● Collected data

lemma diamond_at_par:
  assumes "pure_closed 0 0 bt"
  shows "diamond_at (par bt) t"
proof (induction t)
  case (Mtch b n mu D)
  show ?case
  proof (rule diamond_at_Mtch[OF assms Mtch.IH(1)])
    fix \<sigma> assume "\<sigma> \<in> set_option mu"
    then show "diamond_at (fmrel (par bt)) \<sigma>" using Mtch.IH(2) by (blast intro: diamond_at_fmrel)
  next
    fix a p assume "(a, p) \<in># D"
    then show "diamond_at (par bt) a \<and> diamond_at (par bt) p" using Mtch.IH(3,4) by force
  qed
qed (simp_all add: diamond_at_Var diamond_at_Mat diamond_at_App diamond_at_Cmp_iff diamond_at_Abs_iff)

theorem lemma3:
  fixes bot t t1 t2 :: trm
  assumes "pure_closed 0 0 bot" and "pure_normal bot"
    and "par bot t t1" and "par bot t t2"
  shows "\<exists>t3. par bot t1 t3 \<and> par bot t2 t3"
  using diamond_atD[OF diamond_at_par[OF assms(1)] assms(3,4)] .

end
lemma null_space_property:
  fixes A :: "real^'m^'n" and h :: "'m \<Rightarrow> real"
  assumes fr: "full_col_rank A T" and ok: "partial_RIC_ok A k (2 * s) \<delta>" and cT: "card T = k"
    and \<delta>: "0 \<le> \<delta>" "\<delta> \<le> 1" and s: "s > 0"
    and S: "S \<subseteq> -T" "card S \<le> s" and null: "perp_colcomb A T h = 0"
  shows "(1 - \<delta>) * (\<Sum>j\<in>S. \<bar>h j\<bar>) \<le> sqrt 2 * \<delta> * (\<Sum>j\<in>-T - S. \<bar>h j\<bar>)"
proof -
  obtain T1 Qs where T1: "T1 \<subseteq> -T - S" "card T1 \<le> s"
    and Qs: "\<forall>Q\<in>set Qs. Q \<subseteq> -T - S - T1 \<and> card Q \<le> s"
    and decomp: "\<forall>j. zero_outside h (-T - S - T1) j = (\<Sum>Q\<leftarrow>Qs. zero_outside h Q j)"
    and tail: "sqrt s * (\<Sum>Q\<leftarrow>Qs. L2_set h Q) \<le> (\<Sum>j\<in>-T - S. \<bar>h j\<bar>)"
    using exists_head_tail_blocks[of "-T - S" s h] s by auto
  define W where "W = (\<Sum>Q\<leftarrow>Qs. L2_set h Q)"
  have "W \<ge> 0" unfolding W_def by (induction Qs) auto
  have "(1 - \<delta>) * ((L2_set h S)\<^sup>2 + (L2_set h T1)\<^sup>2) \<le> \<delta> * (L2_set h S + L2_set h T1) * W"
    unfolding W_def using T1 by (intro perp_colcomb_cone_inequality[OF fr ok cT S _ _ _ Qs decomp null]) auto
  then have cone: "(1 - \<delta>) * L2_set h S \<le> sqrt 2 * \<delta> * W"
    by (rule cone_bound[OF \<delta> L2_set_nonneg \<open>W \<ge> 0\<close>])
  have "(\<Sum>j\<in>S. \<bar>h j\<bar>) \<le> sqrt (card S) * L2_set h S" by (rule sum_abs_le_sqrt_card_L2_set)
  also have "\<dots> \<le> sqrt s * L2_set h S" using S(2) by (intro mult_right_mono) auto
  finally have "(1 - \<delta>) * (\<Sum>j\<in>S. \<bar>h j\<bar>) \<le> sqrt s * ((1 - \<delta>) * L2_set h S)"
    using \<delta> by (simp add: mult_left_mono mult.left_commute)
  also have "\<dots> \<le> sqrt s * (sqrt 2 * \<delta> * W)" using cone by (intro mult_left_mono) auto
  also have "\<dots> = sqrt 2 * \<delta> * (sqrt s * W)" by (simp add: algebra_simps)
  also have "\<dots> \<le> sqrt 2 * \<delta> * (\<Sum>j\<in>-T - S. \<bar>h j\<bar>)"
    using tail \<delta> unfolding W_def by (intro mult_left_mono) auto
  finally show ?thesis .
qed

lemma partial_RIC_ok_nonneg:
  fixes A :: "real^'m^'n" and T :: "'m set"
  assumes ok: "partial_RIC_ok A k s \<delta>" and cT: "card T = k" and j0: "j0 \<notin> T" and s: "s > 0"
  shows "0 \<le> \<delta>"
proof -
  define e where "e = (\<lambda>j. if j = j0 then 1 else (0::real))"
  have "{j. e j \<noteq> 0} = {j0}" unfolding e_def by auto
  then have card: "card {j. e j \<noteq> 0} \<le> s" using s by simp
  have "(L2_set e (-T))\<^sup>2 = (\<Sum>j\<in>-T. if j = j0 then 1 else 0)"
    unfolding power2_L2_set e_def by (rule sum.cong) auto
  also have "\<dots> = 1" using j0 by simp
  finally have "(L2_set e (-T))\<^sup>2 = 1" .
  moreover have "\<forall>j\<in>T. e j = 0" using j0 unfolding e_def by auto
  ultimately show ?thesis using partial_RIC_okD[OF ok cT _ card] by fastforce
qed

lemma norm_colcomb_le:
  assumes "\<forall>j\<in>S. \<bar>b j\<bar> \<le> c"
  shows "norm (colcomb A S b) \<le> c * (\<Sum>j\<in>S. norm (column j A))"
proof -
  have "norm (colcomb A S b) \<le> (\<Sum>j\<in>S. \<bar>b j\<bar> * norm (column j A))"
    unfolding colcomb_def by (rule norm_sum[THEN order_trans]) simp
  also have "\<dots> \<le> (\<Sum>j\<in>S. c * norm (column j A))"
    using assms by (intro sum_mono mult_right_mono) auto
  finally show ?thesis by (simp add: sum_distrib_left)
qed

text \<open>A crude but explicit admissible constant, so that the infimum defining the partial RIC is
  taken over a nonempty set.\<close>
lemma partial_RIC_ok_large:
  fixes A :: "real^'m^'n"
  assumes ex: "partial_RIC_exists A k"
  shows "partial_RIC_ok A k s (max 1 ((\<Sum>j\<in>UNIV. norm (column j A))\<^sup>2))"
proof -
  define K where "K = (\<Sum>j\<in>UNIV. norm (column j A))"
  have "(1 - max 1 (K\<^sup>2)) * (L2_set b (-T))\<^sup>2 \<le> (norm (perp_colcomb A T b))\<^sup>2 \<and>
      (norm (perp_colcomb A T b))\<^sup>2 \<le> (1 + max 1 (K\<^sup>2)) * (L2_set b (-T))\<^sup>2"
    if cT: "card T = k" for T :: "'m set" and b
  proof
    show "(1 - max 1 (K\<^sup>2)) * (L2_set b (-T))\<^sup>2 \<le> (norm (perp_colcomb A T b))\<^sup>2"
      by (rule order_trans[of _ 0]) (auto intro: mult_nonpos_nonneg)
    have fr: "full_col_rank A T" using ex cT unfolding partial_RIC_exists_def by blast
    have "\<forall>j\<in>-T. \<bar>b j\<bar> \<le> L2_set b (-T)"
      using member_le_L2_set[of "-T" _ "\<lambda>j. \<bar>b j\<bar>"] by (simp add: L2_set_def)
    then have "norm (colcomb A (-T) b) \<le> L2_set b (-T) * K"
      unfolding K_def
      by (rule norm_colcomb_le[THEN order_trans], intro mult_left_mono sum_mono2) auto
    then have "norm (perp_colcomb A T b) \<le> L2_set b (-T) * K"
      unfolding perp_colcomb_def using norm_proj_perp_le[OF fr] order_trans by blast
    then have "(norm (perp_colcomb A T b))\<^sup>2 \<le> (L2_set b (-T) * K)\<^sup>2"
      by (rule power_mono) simp
    also have "\<dots> = K\<^sup>2 * (L2_set b (-T))\<^sup>2" by (simp add: power_mult_distrib)
    also have "\<dots> \<le> (1 + max 1 (K\<^sup>2)) * (L2_set b (-T))\<^sup>2" by (intro mult_right_mono) auto
    finally show "(norm (perp_colcomb A T b))\<^sup>2 \<le> (1 + max 1 (K\<^sup>2)) * (L2_set b (-T))\<^sup>2" .
  qed
  then show ?thesis
    unfolding partial_RIC_ok_def K_def[symmetric] perp_colcomb_def[symmetric] power2_L2_set[symmetric]
    by blast
qed
lemma sum_Suc_times_power_Suc:
  fixes q :: real
  assumes "q \<noteq> 1"
  shows "(\<Sum>k<z. real (Suc k) * q ^ Suc k) = q / (1 - q)\<^sup>2 * (1 - q ^ z - (1 - q) * z * q ^ z)"
proof -
  have "(1 - q)\<^sup>2 * (\<Sum>k<z. real (Suc k) * q ^ Suc k) = q * (1 - q ^ z - (1 - q) * z * q ^ z)"
  proof (induction z)
    case (Suc z)
    have "(1 - q)\<^sup>2 * (\<Sum>k<Suc z. real (Suc k) * q ^ Suc k) =
          (1 - q)\<^sup>2 * (\<Sum>k<z. real (Suc k) * q ^ Suc k) + (1 - q)\<^sup>2 * (real (Suc z) * q ^ Suc z)"
      by (simp add: algebra_simps)
    then show ?case
      using Suc by (simp add: algebra_simps power2_eq_square)
  qed simp
  then show ?thesis
    using assms by (simp add: field_simps)
qed

lemma nn_integral_geometric_pmf_min:
  fixes q :: real
  assumes "0 \<le> q" "q < 1"
  shows "(\<integral>\<^sup>+g. ennreal (real (min z g)) \<partial>geometric_pmf (1 - q)) = ennreal (q / (1 - q) * (1 - q ^ z))"
proof -
  let ?h = "\<lambda>g. real (min z g)"
  have "(\<lambda>k. (?h (Suc k) - ?h k) * q ^ Suc k) sums (\<Sum>k<z. (?h (Suc k) - ?h k) * q ^ Suc k)"
    by (rule sums_finite) auto
  moreover have "(\<Sum>k<z. (?h (Suc k) - ?h k) * q ^ Suc k) = (\<Sum>k<z. q ^ Suc k)"
    by (intro sum.cong) auto
  moreover have "mono ?h"
    by (auto intro!: monoI)
  ultimately show ?thesis
    using nn_integral_geometric_pmf_tail_sum[OF assms, of ?h] assms
    by (simp add: sum_power_Suc del: power_Suc)
qed

lemma nn_integral_geometric_pmf_min_times_Suc:
  fixes q :: real
  assumes "0 \<le> q" "q < 1"
  shows "(\<integral>\<^sup>+g. ennreal (real (min z g) * (real (min z g) + 1)) \<partial>geometric_pmf (1 - q)) =
         ennreal (2 * q / (1 - q)\<^sup>2 * (1 - q ^ z - (1 - q) * z * q ^ z))"
proof -
  let ?h = "\<lambda>g. real (min z g) * (real (min z g) + 1)"
  have "(\<lambda>k. (?h (Suc k) - ?h k) * q ^ Suc k) sums (\<Sum>k<z. (?h (Suc k) - ?h k) * q ^ Suc k)"
    by (rule sums_finite) auto
  moreover have "(\<Sum>k<z. (?h (Suc k) - ?h k) * q ^ Suc k) = 2 * (\<Sum>k<z. real (Suc k) * q ^ Suc k)"
    unfolding sum_distrib_left by (intro sum.cong) (auto simp: algebra_simps)
  moreover have "mono ?h"
    by (auto intro!: monoI mult_mono)
  ultimately show ?thesis
    using nn_integral_geometric_pmf_tail_sum[OF assms, of ?h] assms
    by (simp add: sum_Suc_times_power_Suc mult.assoc del: power_Suc of_nat_Suc)
qed

lemma sums_of_nat_times_power_div_fact: "(\<lambda>n. real n * x ^ n / fact n) sums (x * exp x)"
proof -
  have "(\<lambda>n. x ^ n / fact n * x) sums (exp x * x)"
    using exp_converges[of x] by (intro sums_mult2) (simp add: divide_inverse mult.commute)
  moreover have "(\<lambda>n. real (Suc n) * x ^ Suc n / fact (Suc n)) = (\<lambda>n. x ^ n / fact n * x)"
    by (rule ext) (simp add: field_simps del: of_nat_Suc)
  ultimately have "(\<lambda>n. real (Suc n) * x ^ Suc n / fact (Suc n)) sums (exp x * x + 0)"
    by simp
  then show ?thesis
    by (subst (asm) sums_Suc_iff) (simp add: mult.commute)
qed

lemma nn_integral_poisson_pmf_power:
  fixes q mu :: real
  assumes "0 \<le> q" "0 < mu"
  shows "(\<integral>\<^sup>+z. ennreal (q ^ z) \<partial>poisson_pmf mu) = ennreal (exp (- (1 - q) * mu))"
proof (rule nn_integral_nat_pmf_sums)
  have "(\<lambda>n. exp (- mu) * ((mu * q) ^ n / fact n)) sums (exp (- mu) * exp (mu * q))"
    using exp_converges[of "mu * q"] by (intro sums_mult) (simp add: divide_inverse mult.commute)
  then show "(\<lambda>n. pmf (poisson_pmf mu) n * q ^ n) sums exp (- (1 - q) * mu)"
    using assms by (simp add: power_mult_distrib mult_exp_exp algebra_simps)
qed (use assms in auto)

● Work request
Copy each line of the entries that includes the word "assumes".

● Solution to this task
  assumes "pure_closed 0 0 bt"
  assumes "pure_closed 0 0 bot" and "pure_normal bot"
  assumes fr: "full_col_rank A T" and ok: "partial_RIC_ok A k (2 * s) \<delta>" and cT: "card T = k"
  assumes ok: "partial_RIC_ok A k s \<delta>" and cT: "card T = k" and j0: "j0 \<notin> T" and s: "s > 0"
  assumes "\<forall>j\<in>S. \<bar>b j\<bar> \<le> c"
  assumes ex: "partial_RIC_exists A k"
  assumes "q \<noteq> 1"
  assumes "0 \<le> q" "q < 1"
  assumes "0 \<le> q" "q < 1"
  assumes "0 \<le> q" "0 < mu"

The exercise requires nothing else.